Hi, everyone.
Here is what happened.
I have two devices, A with x86 cpu and 1080ti, and B(xavier) with arm cpu and nvidia gpu.
Each device has TVM fully installed, and I can autotune my model on each device individually.
Now I want autotune my model on B using A with RPC, cause it is slow when tuning on device B.
Error occurs:
DEBUG:autotvm:No: 503 GFLOPS: 0.00/0.00 result: MeasureResult(costs=(InstantiationError('Traceback (most recent call last):
[bt] (1) /home/pzq/tvm_cuda10/build/libtvm.so(TVMFuncCall+0x61) [0x7fc72c9d8521]
[bt] (0) /home/
pzq/tvm_cuda10/build/libtvm.so(+0x122b75b) [0x7fc72c9d375b]
File "/home/pzq/tvm_cuda10/python/tvm/_ffi/_ctypes/function.py", line 72, in cfun
rv = local_pyfunc(*pyargs)
File "/home/pzq/tvm_cuda10/python/tvm/autotvm/measure/
measure_methods.py", line 607, in verify_pass
raise InstantiationError("Skipped because of invalid gpu kernel")

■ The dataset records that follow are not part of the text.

lemma expected_distortion_upper_bound:
  assumes "0 < a" "a < min (Ls + Lc) 1"
  shows "\<exists>C. \<forall>\<^sub>F \<rho> in at_top. expected_distortion \<rho> \<le> C * \<rho> powr (-a)"
proof -
  define p where "p = a * Lc / (Lc + Ls)"
  define q where "q = a * Ls / (Lc + Ls)"
  have "a * Lc < (Lc + Ls) * Lc" "a * Ls < (Lc + Ls) * Ls"
    using assms Lc_pos Ls_pos by (auto intro!: mult_strict_right_mono)
  then have "0 \<le> p" "p < Lc" "0 \<le> q" "q < Ls"
    using assms Lc_pos Ls_pos by (auto simp: p_def q_def pos_divide_less_eq)
  have "p + q = a"
    using Lc_pos Ls_pos by (simp add: p_def q_def add_divide_distrib[symmetric] distrib_left[symmetric])
  define I where "I = (\<integral>\<^sup>+\<omega>. ennreal (H0 \<omega> powr (-p)) \<partial>M)
    * (\<integral>\<^sup>+\<omega>. ennreal (\<Gamma>0 \<omega> powr (-q)) \<partial>M)"
  have "(\<integral>\<^sup>+\<omega>. ennreal (H0 \<omega> powr (-p)) \<partial>M) < \<infinity>"
    "(\<integral>\<^sup>+\<omega>. ennreal (\<Gamma>0 \<omega> powr (-q)) \<partial>M) < \<infinity>"
    using gamma_distributed_negative_moment_finite[OF prob_space_axioms Lc_pos _ _ _ H0_distributed]
      gamma_distributed_negative_moment_finite[OF prob_space_axioms Ls_pos _ _ _ \<Gamma>0_distributed]
      Lc_pos Ls_pos \<open>0 \<le> p\<close> \<open>p < Lc\<close> \<open>0 \<le> q\<close> \<open>q < Ls\<close> by simp_all
  then have "I < \<infinity>" by (simp add: I_def ennreal_mult_less_top)
  have "expected_distortion \<rho> \<le> enn2real I * \<rho> powr (-a)" if "0 < \<rho>" for \<rho>
  proof -
    have "ennreal (expected_distortion \<rho>)
        = (\<integral>\<^sup>+\<omega>. ennreal (1 / (1 + \<rho> * H0 \<omega> + \<rho> * \<Gamma>0 \<omega>)) \<partial>M)"
      using that by (intro ennreal_expected_distortion) simp
    also have "\<dots> \<le> (\<integral>\<^sup>+\<omega>. ennreal (\<rho> powr (-a))
        * (ennreal (H0 \<omega> powr (-p)) * ennreal (\<Gamma>0 \<omega> powr (-q))) \<partial>M)"
      using AE_H0_\<Gamma>0_pos
    proof (intro nn_integral_mono_AE, eventually_elim)
      case (elim \<omega>)
      then have "1 / (1 + \<rho> * H0 \<omega> + \<rho> * \<Gamma>0 \<omega>)
          \<le> \<rho> powr (-a) * H0 \<omega> powr (-p) * \<Gamma>0 \<omega> powr (-q)"
        using that assms \<open>0 \<le> p\<close> \<open>0 \<le> q\<close> \<open>p + q = a\<close> by (intro one_div_one_plus_le_powr) auto
      then show ?case by (simp add: ennreal_mult[symmetric] ennreal_leI mult.assoc)
    qed
    also have "\<dots> = ennreal (\<rho> powr (-a)) * I"
      using indep_var_nn_integral_mult[OF indep,
          of "\<lambda>x. ennreal (x powr (-p))" "\<lambda>y. ennreal (y powr (-q))"]
      by (simp add: I_def nn_integral_cmult)
    also have "\<dots> = ennreal (enn2real I * \<rho> powr (-a))"
      using \<open>I < \<infinity>\<close> by (simp add: ennreal_mult ennreal_enn2real mult.commute)
    finally show ?thesis by simp
  qed
  then show ?thesis by (intro exI[of _ "enn2real I"] eventually_at_top_linorderI[of 1]) auto
qed

end
lemma inverse_sol_squared_eq:
  assumes "small_params \<alpha> \<beta>" "t \<in> {0..1}"
  shows "inverse (sol \<alpha> \<beta> t) ^ 2 = 1 - 2 * \<alpha> * Pf t - 2 * \<beta> * integral {0..t} (\<lambda>s. qt s * inverse (sol \<alpha> \<beta> s))"
proof -
  have "((\<lambda>s. inverse (sol \<alpha> \<beta> s) ^ 2 + 2 * \<alpha> * Pf s) has_vector_derivative
      - 2 * \<beta> * (qt s * inverse (sol \<alpha> \<beta> s))) (at s within {0..1})" if "s \<in> {0..1}" for s
    using has_vector_derivative_add[OF inverse_sol_squared_has_vector_derivative[OF assms(1) that]
        has_vector_derivative_mult_right[OF Pf_has_vector_derivative[OF that], of "2 * \<alpha>"]]
    by (simp add: algebra_simps)
  from has_integral_of_vector_derivative_unit_interval[OF this assms(2)]
  have "integral {0..t} (\<lambda>s. - 2 * \<beta> * (qt s * inverse (sol \<alpha> \<beta> s)))
      = inverse (sol \<alpha> \<beta> t) ^ 2 + 2 * \<alpha> * Pf t - (inverse (sol \<alpha> \<beta> 0) ^ 2 + 2 * \<alpha> * Pf 0)"
    by (rule integral_unique)
  moreover have "integral {0..t} (\<lambda>s. - 2 * \<beta> * (qt s * inverse (sol \<alpha> \<beta> s)))
      = - 2 * \<beta> * integral {0..t} (\<lambda>s. qt s * inverse (sol \<alpha> \<beta> s))"
    by (rule integral_mult_right)
  ultimately have "- 2 * \<beta> * integral {0..t} (\<lambda>s. qt s * inverse (sol \<alpha> \<beta> s))
      = inverse (sol \<alpha> \<beta> t) ^ 2 + 2 * \<alpha> * Pf t - (inverse (sol \<alpha> \<beta> 0) ^ 2 + 2 * \<alpha> * Pf 0)"
    by (simp only:)
  then show ?thesis using Pf_0 sol_at_0[OF assms(1)] by (simp add: algebra_simps)
qed

lemma sol_alpha_0: "small_params 0 \<beta> \<Longrightarrow> t \<in> {0..1} \<Longrightarrow> sol 0 \<beta> t = inverse (1 - \<beta> * Qf t)"
  using inverse_sol_eq[of 0 \<beta> t] by (metis diff_zero inverse_inverse_eq mult_zero_left)

lemma inverse_sol_beta_0_squared:
  "small_params \<alpha> 0 \<Longrightarrow> t \<in> {0..1} \<Longrightarrow> inverse (sol \<alpha> 0 t) ^ 2 = 1 - 2 * \<alpha> * Pf t"
  using inverse_sol_squared_eq[of \<alpha> 0 t] by simp
lemma E1_arg_max_exists:
  assumes s: "s > 0" and b: "b > 0" and \<Delta>: "\<Delta> > 0"
  shows "\<exists>m. is_arg_max (E1 b \<Delta> s) (\<lambda>a. a < abar b \<Delta> s) m"
proof -
  define L where "L = - 2 * b\<^sup>2 * sqrt s / \<Delta>\<^sup>2"
  have "L \<le> 0" "0 < abar b \<Delta> s" using s b \<Delta> unfolding L_def abar_def by (simp_all add: divide_nonpos_pos)
  then have "0 \<in> {L..abar b \<Delta> s}" by simp
  moreover obtain m where max: "\<forall>a \<in> {L..abar b \<Delta> s}. E1 b \<Delta> s a \<le> E1 b \<Delta> s m"
    using continuous_attains_sup[OF compact_Icc _ continuous_on_E1[OF s b]] \<open>0 \<in> {L..abar b \<Delta> s}\<close> by blast
  ultimately have E1_0_le: "E1 b \<Delta> s 0 \<le> E1 b \<Delta> s m" by blast
  then have "0 < E1 b \<Delta> s m" using b \<Delta> unfolding E1_at_0 by (smt (verit) divide_pos_pos)
  then have "m < abar b \<Delta> s" using E1_pos_iff[OF s b] by blast
  moreover have "E1 b \<Delta> s a \<le> E1 b \<Delta> s m" if "a < abar b \<Delta> s" for a
  proof (cases "a < L")
    case True
    then show ?thesis using E1_le_E1_0_far_left[OF s b \<Delta>, of a] E1_0_le unfolding L_def by simp
  next
    case False
    then show ?thesis using max that by simp
  qed
  ultimately show ?thesis by (auto simp: is_arg_max_linorder)
qed

lemma E1_arg_max_unique:
  assumes s: "s > 0" and b: "b > 0" and \<Delta>: "\<Delta> > 0"
    and "is_arg_max (E1 b \<Delta> s) (\<lambda>a. a < abar b \<Delta> s) m\<^sub>1"
    and "is_arg_max (E1 b \<Delta> s) (\<lambda>a. a < abar b \<Delta> s) m\<^sub>2"
  shows "m\<^sub>1 = m\<^sub>2"
proof -
  have "\<not> x < y" if x: "is_arg_max (E1 b \<Delta> s) (\<lambda>a. a < abar b \<Delta> s) x"
    and y: "is_arg_max (E1 b \<Delta> s) (\<lambda>a. a < abar b \<Delta> s) y" for x y
  proof
    assume "x < y"
    have "0 < abar b \<Delta> s" using s b \<Delta> unfolding abar_def by simp
    then have "E1 b \<Delta> s 0 \<le> E1 b \<Delta> s x" using x by (simp add: is_arg_max_linorder)
    then have pos: "0 < E1 b \<Delta> s x" using b \<Delta> unfolding E1_at_0 by (smt (verit) divide_pos_pos)
    have mid: "x < (x + y) / 2" "(x + y) / 2 < y" using \<open>x < y\<close> by simp_all
    have "E1 b \<Delta> s y = E1 b \<Delta> s x" using x y by (simp add: is_arg_max_linorder order_antisym)
    then have "E1 b \<Delta> s x < E1 b \<Delta> s ((x + y) / 2)"
      using E1_strictly_quasiconcave[OF s b pos mid] by simp
    moreover have "(x + y) / 2 < abar b \<Delta> s" using mid y by (simp add: is_arg_max_linorder)
    ultimately show False using x unfolding is_arg_max_linorder by (meson not_le)
  qed
  then show ?thesis using assms(4,5) by (meson linorder_neqE)
qed
lemma inj_into_image: "inj_into A B \<Longrightarrow> inj_into (f ` A) B"
proof -
  assume "inj_into A B"
  then obtain g where g: "inj_on g A" "g ` A \<subseteq> B"
    by (auto simp: inj_into_def)
  have "inj_on (g \<circ> inv_into A f) (f ` A)"
    by (rule comp_inj_on) (auto intro: inj_on_inv_into inj_on_subset[OF g(1)] inv_into_into)
  moreover have "(g \<circ> inv_into A f) ` f ` A \<subseteq> B"
    using g(2) by (auto simp: inv_into_into)
  ultimately show ?thesis
    unfolding inj_into_def by blast
qed

lemma dense_open_image_involution:
  assumes closed: "\<And>p. p \<in> P \<Longrightarrow> T p \<in> P" and involutive: "\<And>p. p \<in> P \<Longrightarrow> T (T p) = p"
    and mono: "\<And>p q. q \<subseteq> p \<Longrightarrow> T q \<subseteq> T p"
    and "dense_open P I"
  shows "dense_open P (T ` I)"
proof -
  from \<open>dense_open P I\<close> have I_sub: "I \<subseteq> P"
    and I_open: "\<And>p q. p \<in> I \<Longrightarrow> q \<in> P \<Longrightarrow> q \<subseteq> p \<Longrightarrow> q \<in> I"
    and I_dense: "\<And>p. p \<in> P \<Longrightarrow> \<exists>q\<in>I. q \<subseteq> p"
    unfolding dense_open_def by blast+
  have "q \<in> T ` I" if "p \<in> I" and q: "q \<in> P" "q \<subseteq> T p" for p q
  proof -
    have "T q \<subseteq> p"
      using mono[OF q(2)] involutive I_sub \<open>p \<in> I\<close> by auto
    then have "T q \<in> I"
      using I_open \<open>p \<in> I\<close> closed q(1) by blast
    then show ?thesis
      using involutive[OF q(1)] by (metis image_eqI)
  qed
  moreover have "\<exists>q\<in>T ` I. q \<subseteq> p" if p: "p \<in> P" for p
  proof -
    obtain q where q: "q \<in> I" "q \<subseteq> T p"
      using I_dense closed[OF p] by blast
    then have "T q \<subseteq> p"
      using mono[OF q(2)] involutive[OF p] by simp
    with q(1) show ?thesis
      by blast
  qed
  ultimately show ?thesis
    using I_sub closed unfolding dense_open_def by blast
qed

context
  fixes Qr :: "'o::wellorder \<Rightarrow> 'o seq set set" and \<kappa> :: 'o and p :: "'o seq set"
    and \<rho> :: "'o seq" and S :: "'o set" and \<Lambda> :: "'o \<Rightarrow> 'o seq set set set"
  assumes witness: "Q_witness Qr \<kappa> p \<rho> S \<Lambda>"
begin

lemma witness_tree:
  "p \<noteq> {}" "p \<subseteq> seqs_below \<kappa>" "\<nu> \<in> p \<Longrightarrow> \<alpha> \<le> lg \<nu> \<Longrightarrow> restr \<nu> \<alpha> \<in> p"
  using witness by (simp_all add: Q_witness_def)

lemma witness_S:
  "S \<subseteq> below \<kappa> \<and> (\<forall>s\<in>S. strongly_inaccessible s) \<and> \<not> stationary \<kappa> S \<and>
   (\<forall>d<\<kappa>. strongly_inaccessible d \<longrightarrow> \<not> stationary d (S \<inter> below d))"
  using witness by (simp add: Q_witness_def)
(* Let $n\ge 3$ be an integer and let $C_n$ be the cycle with $n$ vertices. Then \[ \Theta(C_n)=\begin{cases} 1 & \text{if } n=3,\\ 2 & \text{if } n=4,\\ 4 & \text{if } n\ge 5.\end{cases}\]
   Context: All graphs are finite and simple. Let $k$ be a positive integer. A graph $G=(V,E)$ is a $k$-threshold graph with thresholds $\theta_1<\theta_2<\dots<\theta_k$ (real numbers) if there is a map $r:V\to\mathbb{R}$ such that for all distinct $u,v\in V$: $uv\in E$ if and only if the inequality $\theta_i\le r(u)+r(v)$ holds for an odd number of indices $i\in\{1,\dots,k\}$. Such a map $r$ is called a $(\theta_1,\dots,\theta_k)$-representation of $G$. The threshold number $\Theta(G)$ is the smallest positive integer $k$ such that $G$ is a $k$-threshold graph (for some choice of thresholds $\theta_1<\dots<\theta_k$). *)

theory Defs
  imports Complex_Main
begin

definition simple_graph :: "'a set \<Rightarrow> ('a \<Rightarrow> 'a \<Rightarrow> bool) \<Rightarrow> bool" where
  "simple_graph V E \<longleftrightarrow> finite V \<and> (\<forall>u\<in>V. \<forall>v\<in>V. E u v \<longleftrightarrow> E v u) \<and> (\<forall>v\<in>V. \<not> E v v)"

text \<open>r is a (theta_1,...,theta_k)-representation, thresholds indexed 0..k-1.\<close>
definition threshold_rep ::
  "'a set \<Rightarrow> ('a \<Rightarrow> 'a \<Rightarrow> bool) \<Rightarrow> nat \<Rightarrow> (nat \<Rightarrow> real) \<Rightarrow> ('a \<Rightarrow> real) \<Rightarrow> bool" where
  "threshold_rep V E k \<theta> r \<longleftrightarrow>
     (\<forall>u\<in>V. \<forall>v\<in>V. u \<noteq> v \<longrightarrow>
        (E u v \<longleftrightarrow> odd (card {i. i < k \<and> \<theta> i \<le> r u + r v})))"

tvm.autotvm.task.space.InstantiationError: **Skipped because of invalid gpu kernel**',),), **error_no=1**, all_cost=0.293758
8691711426, timestamp=1565772783.6429822) [('tile_b', [36, 1, 1, 1]), ('tile_y', [1, 1, 4, 1]), ('tile_x', [1, 1, 1600, 6]), ('tile_rc', [1, 4]), ('auto_unroll_max_step', 1500), ('unroll_explicit', 0)],winograd,None,406375
DEBUG:autotvm:No: 504 GFLOPS: 0.00/0.00 result: MeasureResult(costs=(RuntimeError('Traceback (most recent call last):
[bt] (3) /mnt/nvme/pzq/Desktop/tvm/build/libtvm.so(TVMFuncCall+0x70) [0x7f8437a7a0]
[bt] (2) /mnt/nvme
/pzq/Desktop/tvm/build/libtvm.so(std::_Function_handler<void (tvm::runtime::TVMArgs, tvm::runtime::TVMRetValue*), tvm::runtime::detail::PackFuncVoidAddr_<4, tvm::runtime::CUDAWrappedFunc>(tvm::runtime::CUDAWrappedFunc, std::vector<tvm
::runtime::detail::ArgConvertCode, std::allocator<tvm::runtime::detail::ArgConvertCode> > const&)::{lambda(tvm::runtime::TVMArgs, tvm::runtime::TVMRetValue*)#1}>::_M_invoke(std::_Any_data const&, tvm::runtime::TVMArgs&&, tvm::runtime:
:TVMRetValue*&&)+0xe8) [0x7f843ed3e0]
[bt] (1) /mnt/nvme/pzq/Desktop/tvm/build/libtvm.so(tvm::runtime::CUDAWrappedFunc::operator()(tvm::runtime::TVMArgs, tvm::runtime::TVMRetValue*, void**) const+0x6cc) [0x7f843ed214]
[bt] (0) /
mnt/nvme/pzq/Desktop/tvm/build/libtvm.so(dmlc::LogMessageFatal::~LogMessageFatal()+0x4c) [0x7f83c9108c]
File "/home/pzq/Desktop/tvm/src/runtime/cuda/cuda_module.cc", line 111
TVMErr',),), **error_no=4**, all_cost=4.153692960739136, ti
mestamp=1565772786.2338314) [('tile_b', [36, 1, 1, 1]), ('tile_y', [1, 2, 2, 1]), ('tile_x', [200, 16, 1, 3]), ('tile_rc', [1, 4]), ('auto_unroll_max_step', 0), ('unroll_explicit', 0)],winograd,None,107584
I have noticed that GFLOPS is always 0.0/0.0 and error_no = 1 or 4.
What could the problem be like?
What should I do?
I have cuda10.1 on A and cuda10.0 on B.
Should the cuda version on tuning machine A be strictly the same as target device B?